An onboard star catalog for satellite angular attitude estimation

Abstract

Accuracy assessment of the satellite remote sensing depends on the angular attitude estimation precision. The 1 arc second error in attitude estimation causes 2.5-meter error in the accuracy derived from remote sensing data for the 500 km orbit. Different kind of momentum wheels, propulsions and sensors help correct spacecraft torque moment to stabilize it in the orbit. Star tracker is the most precise optical sensor for spacecraft angular attitude estimation. An onboard guide star catalog containing data for star pattern identification is essential for star tracker operating. The total number of stars, the faintest stellar magnitude, completeness and uniformity are the key specifications of a star catalog influencing many characteristic of a star tracker.
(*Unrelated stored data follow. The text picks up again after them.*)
lemma kdim_linear_image:
  assumes "module_hom csmult csmult f" "vs.subspace V" "inj_on f (V :: 'k::field pol set)"
  shows "kdim (f ` V) = kdim V"
proof -
  obtain B where B: "B \<subseteq> V" "vs.independent B" "V \<subseteq> vs.span B" "card B = vs.dim V"
    using vs.basis_exists by blast
  have V: "vs.span B = V"
    using B(1,3) assms(2) vs.span_minimal by blast
  have "f ` V = vs.span (f ` B)"
    using module_hom.span_image[OF assms(1)] V by simp
  moreover have "vs.independent (f ` B)"
    using module_hom.independent_injective_image[OF assms(1) B(2)] assms(3) V by simp
  moreover have "card (f ` B) = card B"
    using card_image inj_on_subset[OF assms(3) B(1)] by blast
  ultimately show ?thesis
    using B(4) by (simp add: kdim_def vs.dim_eq_card_independent)
qed

lemma subspace_ideal_Sdeg:
  assumes "is_ideal (I :: 'k::field pol set)"
  shows "vs.subspace (I \<inter> Sdeg d)"
  unfolding vs.subspace_def
proof (intro conjI ballI allI)
  show "0 \<in> I \<inter> Sdeg d" using assms by (simp add: is_ideal_def Sdeg_def)
  fix f g assume "f \<in> I \<inter> Sdeg d" "g \<in> I \<inter> Sdeg d"
  then show "f + g \<in> I \<inter> Sdeg d"
    using assms keys_add[of f g] by (auto simp: is_ideal_def Sdeg_def)
next
  fix c f assume "f \<in> I \<inter> Sdeg d"
  moreover have "Poly_Mapping.keys (csmult c f) \<subseteq> Poly_Mapping.keys f"
    by (auto simp: in_keys_iff)
  ultimately show "csmult c f \<in> I \<inter> Sdeg d"
    using assms unfolding is_ideal_def Sdeg_def csmult_def by auto
qed

lemma is_frame_in_graded_piece:
  assumes "is_ideal I" "is_frame I b"
  shows "b d i \<in> I \<inter> Sdeg d"
proof (cases "i < kdim (I \<inter> Sdeg d)")
  case False
  then have "b d i = 0" using assms(2) by (simp add: is_frame_def Let_def)
  then show ?thesis using assms(1) by (simp add: is_ideal_def Sdeg_def)
qed (use assms(2) in \<open>simp add: is_frame_def Let_def\<close>)

lemma Hpts_if_kdim_eq:
  fixes I J :: "'k::field pol set"
  assumes "I \<in> Hpts" "homogeneous_ideal J" "\<And>d. kdim (J \<inter> Sdeg d) = kdim (I \<inter> Sdeg d)"
  shows "J \<in> Hpts"
  using assms unfolding Hpts_def hilb_def by auto
text \<open>The infimum defining an Orlicz norm need not be attained, so we pass to the radius \<open>2 K\<close>.\<close>

lemma nn_integral_exp_square_le_two:
  assumes norm: "psi2_norm M Y \<le> ereal K" and K: "K > 0"
  shows "(\<integral>\<^sup>+\<omega>. ennreal (exp ((Y \<omega>)\<^sup>2 / (2 * K)\<^sup>2)) \<partial>M) \<le> 2"
proof -
  have "psi2_norm M Y < ereal (2 * K)" using norm K by (simp add: order.strict_trans1)
  then obtain t where t: "0 < t" "t < 2 * K" and int_t: "(\<integral>\<^sup>+\<omega>. ennreal (exp ((Y \<omega>)\<^sup>2 / t\<^sup>2)) \<partial>M) \<le> 2"
    unfolding psi2_norm_def INF_less_iff by auto
  have "(Y \<omega>)\<^sup>2 / (2 * K)\<^sup>2 \<le> (Y \<omega>)\<^sup>2 / t\<^sup>2" for \<omega>
    using t by (intro divide_left_mono power_mono) auto
  then have "(\<integral>\<^sup>+\<omega>. ennreal (exp ((Y \<omega>)\<^sup>2 / (2 * K)\<^sup>2)) \<partial>M) \<le> (\<integral>\<^sup>+\<omega>. ennreal (exp ((Y \<omega>)\<^sup>2 / t\<^sup>2)) \<partial>M)"
    by (intro nn_integral_mono ennreal_leI) simp
  then show ?thesis using int_t by simp
qed

lemma nn_integral_exp_abs_le_two:
  assumes norm: "psi1_norm M Y \<le> ereal K" and K: "K > 0"
  shows "(\<integral>\<^sup>+\<omega>. ennreal (exp (\<bar>Y \<omega>\<bar> / (2 * K))) \<partial>M) \<le> 2"
proof -
  have "psi1_norm M Y < ereal (2 * K)" using norm K by (simp add: order.strict_trans1)
  then obtain t where t: "0 < t" "t < 2 * K" and int_t: "(\<integral>\<^sup>+\<omega>. ennreal (exp (\<bar>Y \<omega>\<bar> / t)) \<partial>M) \<le> 2"
    unfolding psi1_norm_def INF_less_iff by auto
  have "\<bar>Y \<omega>\<bar> / (2 * K) \<le> \<bar>Y \<omega>\<bar> / t" for \<omega>
    using t by (intro divide_left_mono) auto
  then have "(\<integral>\<^sup>+\<omega>. ennreal (exp (\<bar>Y \<omega>\<bar> / (2 * K))) \<partial>M) \<le> (\<integral>\<^sup>+\<omega>. ennreal (exp (\<bar>Y \<omega>\<bar> / t)) \<partial>M)"
    by (intro nn_integral_mono ennreal_leI) simp
  then show ?thesis using int_t by simp
qed

lemma nn_integral_le_of_exp_moment:
  fixes \<phi> g :: "'a \<Rightarrow> real"
  assumes \<phi>: "\<phi> \<in> borel_measurable M" "(\<integral>\<^sup>+\<omega>. ennreal (exp (\<phi> \<omega>)) \<partial>M) \<le> 2"
    and c: "c \<ge> 0" and g: "\<And>\<omega>. g \<omega> \<le> c * exp (\<phi> \<omega>)"
  shows "(\<integral>\<^sup>+\<omega>. ennreal (g \<omega>) \<partial>M) \<le> ennreal (2 * c)"
proof -
  have "(\<integral>\<^sup>+\<omega>. ennreal (g \<omega>) \<partial>M) \<le> (\<integral>\<^sup>+\<omega>. ennreal c * ennreal (exp (\<phi> \<omega>)) \<partial>M)"
    using g c by (intro nn_integral_mono) (simp add: ennreal_leI flip: ennreal_mult)
  also have "\<dots> = ennreal c * (\<integral>\<^sup>+\<omega>. ennreal (exp (\<phi> \<omega>)) \<partial>M)"
    using \<phi>(1) by (simp add: nn_integral_cmult)
  also have "\<dots> \<le> ennreal c * 2" using \<phi>(2) by (intro mult_left_mono) auto
  finally show ?thesis using c by (simp add: ennreal_mult mult.commute)
qed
The steps of creating guide star catalog are: instrumental stellar magnitude estimation with respect to the star tracker spectral response, clusterization of nearby stars, removing of unreliable stars and final star selection. An iterative algorithm for thinning down the catalog allows reducing appreciably the number of stars in the catalog and improving its uniformity. The key point of the algorithm is the lower bound evaluation of star number in the FOV (field of view) for every boresight position within a triangle area. The algorithm uses recursive quaternary division of the icosahedron for the celestial sphere tessellation. The correction methods of stellar aberration and star proper motion are discussed as well.